*** DATA RECORDS ***
(* Let $R$ be a profile of lexicographic preferences and $P=\mathrm{MPS}(R)$. For every type $i$, the type-$i$ marginal assignment $P^i$, defined by $P^i_{j,o}=\sum_{x\in\mathcal D:\,x_i=o}p_{j,x}$ for $j\in N$, $o\in D_i$, equals the output of the single-type probabilistic serial mechanism $\mathrm{PS}$ applied to the items $D_i$ and the profile $R^i=(\rhd^i_j)_{j\le n}$.
   Context: Setting: $N=\{1,\dots,n\}$ agents; $M=D_1\cup\dots\cup D_p$ items with pairwise disjoint types, $|D_i|=n$, unit supply; bundles $\mathcal D=D_1\times\dots\times D_p$, $x_i$ the type-$i$ component. Lexicographic preference: importance order $\rhd_j$ over types and strict orders $\rhd^i_j$ on each $D_i$; $x\succ_j y$ iff there is a type $i$ with $x_i\rhd^i_j y_i$ and $x_{i'}=y_{i'}$ for all $i'\rhd_j i$. MPS: items start with supply $1$; a bundle is available if all its items have positive remaining supply. Continuously in time each agent eats her $\succ_j$-most-preferred available bundle at rate $1$ (each item of it consumed at rate $1$, $p_{j,x}$ growing at rate $1$); exhausted items make all bundles containing them unavailable; run until all items are exhausted. Single-type PS on a set $D$ of $n$ items with strict orders $\rhd_j$ on $D$: items start with supply $1$; continuously in time each agent eats at rate $1$ her $\rhd_j$-most-preferred item with positive remaining supply, until time $1$; the output matrix records how much of each item each agent ate. *)

theory Defs
  imports Complex_Main "HOL-Library.FuncSet"
begin

text \<open>
Agents are 0..n-1, types are 0..p-1, items have an arbitrary type 'a.  Strict orders are relations:
(a,b) in r means "a is strictly preferred to b" (a \<rhd> b).
imp j is agent j's importance order on types, ord j i is agent j's order on D i.
Both the MPS and PS eating processes are piecewise linear; they are formalised as
the standard phase algorithm: in each phase every agent eats her current top
available bundle/item, the phase lasts until the first item in consumption is
exhausted (for PS also capped at time 1), then the supplies and the eaten
amounts are updated.  Every nontrivial phase exhausts an item (or ends PS at time 1),
so finitely many iterations of the phase step give the final outcome.
\<close>

definition bundles :: "nat \<Rightarrow> (nat \<Rightarrow> 'a set) \<Rightarrow> (nat \<Rightarrow> 'a) set" where
  "bundles p D = PiE {..<p} D"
***
**BRIEF:**
Each line of the data that has the string "time" counts once; give the total and nothing else.

**WRITTEN RESPONSE:**
3